DATA TO USE Block Start

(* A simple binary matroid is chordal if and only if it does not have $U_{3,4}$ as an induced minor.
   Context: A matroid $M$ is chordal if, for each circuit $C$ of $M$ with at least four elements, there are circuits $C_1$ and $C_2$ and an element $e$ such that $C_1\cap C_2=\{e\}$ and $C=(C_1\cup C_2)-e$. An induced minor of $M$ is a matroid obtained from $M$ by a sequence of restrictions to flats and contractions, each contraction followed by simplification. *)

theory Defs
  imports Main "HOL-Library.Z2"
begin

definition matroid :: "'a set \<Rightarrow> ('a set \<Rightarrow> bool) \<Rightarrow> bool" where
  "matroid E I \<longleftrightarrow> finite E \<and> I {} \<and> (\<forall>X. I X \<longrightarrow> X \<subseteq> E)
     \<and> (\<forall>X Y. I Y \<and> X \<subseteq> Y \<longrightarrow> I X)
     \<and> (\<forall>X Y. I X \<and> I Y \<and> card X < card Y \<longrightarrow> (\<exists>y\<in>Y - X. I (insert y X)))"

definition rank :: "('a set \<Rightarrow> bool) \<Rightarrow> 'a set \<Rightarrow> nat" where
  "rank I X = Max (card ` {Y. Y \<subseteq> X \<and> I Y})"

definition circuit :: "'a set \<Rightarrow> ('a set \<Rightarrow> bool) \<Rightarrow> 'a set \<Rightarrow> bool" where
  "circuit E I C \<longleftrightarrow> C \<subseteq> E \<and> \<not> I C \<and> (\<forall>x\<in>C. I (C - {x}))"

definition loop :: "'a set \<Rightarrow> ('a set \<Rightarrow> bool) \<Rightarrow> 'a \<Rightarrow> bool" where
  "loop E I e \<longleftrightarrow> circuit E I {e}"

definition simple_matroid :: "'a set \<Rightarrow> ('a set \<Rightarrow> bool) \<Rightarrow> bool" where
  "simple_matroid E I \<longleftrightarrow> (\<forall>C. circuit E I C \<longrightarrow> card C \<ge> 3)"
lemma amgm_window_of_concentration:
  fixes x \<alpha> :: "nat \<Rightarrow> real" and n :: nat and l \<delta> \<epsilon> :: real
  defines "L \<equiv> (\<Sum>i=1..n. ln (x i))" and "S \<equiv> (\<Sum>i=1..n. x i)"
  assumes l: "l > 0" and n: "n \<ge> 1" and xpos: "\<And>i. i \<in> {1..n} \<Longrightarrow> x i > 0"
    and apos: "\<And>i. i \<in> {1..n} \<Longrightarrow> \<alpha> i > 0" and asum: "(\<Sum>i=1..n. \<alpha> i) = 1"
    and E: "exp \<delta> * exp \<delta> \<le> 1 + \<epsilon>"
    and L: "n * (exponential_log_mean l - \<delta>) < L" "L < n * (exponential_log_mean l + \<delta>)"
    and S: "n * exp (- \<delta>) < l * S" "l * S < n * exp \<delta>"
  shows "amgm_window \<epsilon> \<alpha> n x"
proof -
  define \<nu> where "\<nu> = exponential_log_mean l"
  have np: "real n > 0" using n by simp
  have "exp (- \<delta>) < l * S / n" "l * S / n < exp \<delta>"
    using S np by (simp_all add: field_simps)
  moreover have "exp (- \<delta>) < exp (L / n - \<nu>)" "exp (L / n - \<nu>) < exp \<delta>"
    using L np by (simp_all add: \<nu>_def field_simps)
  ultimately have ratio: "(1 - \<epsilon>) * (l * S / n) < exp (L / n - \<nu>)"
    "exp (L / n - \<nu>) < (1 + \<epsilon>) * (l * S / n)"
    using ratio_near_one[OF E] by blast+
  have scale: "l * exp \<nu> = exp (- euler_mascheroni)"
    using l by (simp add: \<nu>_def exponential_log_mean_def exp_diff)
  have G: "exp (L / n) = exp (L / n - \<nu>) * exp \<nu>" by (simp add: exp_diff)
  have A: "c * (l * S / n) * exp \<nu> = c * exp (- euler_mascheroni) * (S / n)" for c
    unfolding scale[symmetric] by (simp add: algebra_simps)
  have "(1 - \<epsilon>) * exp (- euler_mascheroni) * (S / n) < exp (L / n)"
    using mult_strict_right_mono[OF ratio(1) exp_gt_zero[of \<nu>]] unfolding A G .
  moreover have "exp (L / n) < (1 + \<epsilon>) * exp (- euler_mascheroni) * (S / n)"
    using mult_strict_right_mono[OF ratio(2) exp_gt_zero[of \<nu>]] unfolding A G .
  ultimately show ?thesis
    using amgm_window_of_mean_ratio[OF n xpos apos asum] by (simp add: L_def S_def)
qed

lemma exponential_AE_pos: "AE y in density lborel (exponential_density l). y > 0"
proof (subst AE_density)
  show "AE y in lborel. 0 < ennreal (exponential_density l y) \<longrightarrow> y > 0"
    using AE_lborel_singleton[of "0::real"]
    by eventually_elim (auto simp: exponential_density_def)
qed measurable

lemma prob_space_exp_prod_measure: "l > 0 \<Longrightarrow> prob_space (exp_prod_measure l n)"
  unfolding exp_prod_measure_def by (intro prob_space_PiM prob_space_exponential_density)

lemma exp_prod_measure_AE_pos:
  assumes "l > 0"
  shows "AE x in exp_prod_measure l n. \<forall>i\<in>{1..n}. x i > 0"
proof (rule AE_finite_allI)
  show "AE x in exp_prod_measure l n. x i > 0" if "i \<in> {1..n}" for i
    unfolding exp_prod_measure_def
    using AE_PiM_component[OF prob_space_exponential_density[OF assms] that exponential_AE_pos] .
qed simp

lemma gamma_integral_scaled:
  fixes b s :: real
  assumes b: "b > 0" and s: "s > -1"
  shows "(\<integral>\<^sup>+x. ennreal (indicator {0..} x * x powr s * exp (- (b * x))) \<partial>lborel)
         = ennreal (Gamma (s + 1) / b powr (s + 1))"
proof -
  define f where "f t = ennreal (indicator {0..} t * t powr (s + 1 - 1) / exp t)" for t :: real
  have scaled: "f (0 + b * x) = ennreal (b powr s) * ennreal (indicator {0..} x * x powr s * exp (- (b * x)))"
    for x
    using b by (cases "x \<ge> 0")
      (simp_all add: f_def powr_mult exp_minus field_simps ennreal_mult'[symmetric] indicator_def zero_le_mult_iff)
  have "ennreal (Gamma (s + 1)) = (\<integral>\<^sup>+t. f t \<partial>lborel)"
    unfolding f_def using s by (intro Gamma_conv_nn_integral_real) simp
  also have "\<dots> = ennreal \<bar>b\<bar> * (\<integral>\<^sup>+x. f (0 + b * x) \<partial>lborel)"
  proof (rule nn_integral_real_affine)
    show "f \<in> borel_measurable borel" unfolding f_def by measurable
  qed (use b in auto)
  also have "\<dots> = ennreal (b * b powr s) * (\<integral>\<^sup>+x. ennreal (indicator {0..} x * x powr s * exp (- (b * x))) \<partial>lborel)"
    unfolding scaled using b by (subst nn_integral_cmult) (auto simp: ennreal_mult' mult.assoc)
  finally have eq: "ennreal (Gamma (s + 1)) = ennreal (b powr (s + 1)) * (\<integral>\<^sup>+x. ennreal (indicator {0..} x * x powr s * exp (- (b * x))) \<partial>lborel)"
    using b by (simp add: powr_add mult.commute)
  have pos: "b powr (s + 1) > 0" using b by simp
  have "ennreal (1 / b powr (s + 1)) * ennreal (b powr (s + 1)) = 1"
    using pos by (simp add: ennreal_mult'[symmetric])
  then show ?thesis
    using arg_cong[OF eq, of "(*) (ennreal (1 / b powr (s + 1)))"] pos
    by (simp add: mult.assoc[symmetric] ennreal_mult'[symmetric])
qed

DATA TO USE Block End

WHAT IS EXPECTED
The line above containing "theory Defs", the line containing "exp \<delta> \<le>", and every line between them are to be transcribed exactly; no other line is wanted.

EXERCISE RESULT
theory Defs
  imports Main "HOL-Library.Z2"
begin

definition matroid :: "'a set \<Rightarrow> ('a set \<Rightarrow> bool) \<Rightarrow> bool" where
  "matroid E I \<longleftrightarrow> finite E \<and> I {} \<and> (\<forall>X. I X \<longrightarrow> X \<subseteq> E)
     \<and> (\<forall>X Y. I Y \<and> X \<subseteq> Y \<longrightarrow> I X)
     \<and> (\<forall>X Y. I X \<and> I Y \<and> card X < card Y \<longrightarrow> (\<exists>y\<in>Y - X. I (insert y X)))"

definition rank :: "('a set \<Rightarrow> bool) \<Rightarrow> 'a set \<Rightarrow> nat" where
  "rank I X = Max (card ` {Y. Y \<subseteq> X \<and> I Y})"

definition circuit :: "'a set \<Rightarrow> ('a set \<Rightarrow> bool) \<Rightarrow> 'a set \<Rightarrow> bool" where
  "circuit E I C \<longleftrightarrow> C \<subseteq> E \<and> \<not> I C \<and> (\<forall>x\<in>C. I (C - {x}))"

definition loop :: "'a set \<Rightarrow> ('a set \<Rightarrow> bool) \<Rightarrow> 'a \<Rightarrow> bool" where
  "loop E I e \<longleftrightarrow> circuit E I {e}"

definition simple_matroid :: "'a set \<Rightarrow> ('a set \<Rightarrow> bool) \<Rightarrow> bool" where
  "simple_matroid E I \<longleftrightarrow> (\<forall>C. circuit E I C \<longrightarrow> card C \<ge> 3)"
lemma amgm_window_of_concentration:
  fixes x \<alpha> :: "nat \<Rightarrow> real" and n :: nat and l \<delta> \<epsilon> :: real
  defines "L \<equiv> (\<Sum>i=1..n. ln (x i))" and "S \<equiv> (\<Sum>i=1..n. x i)"
  assumes l: "l > 0" and n: "n \<ge> 1" and xpos: "\<And>i. i \<in> {1..n} \<Longrightarrow> x i > 0"
    and apos: "\<And>i. i \<in> {1..n} \<Longrightarrow> \<alpha> i > 0" and asum: "(\<Sum>i=1..n. \<alpha> i) = 1"
    and E: "exp \<delta> * exp \<delta> \<le> 1 + \<epsilon>"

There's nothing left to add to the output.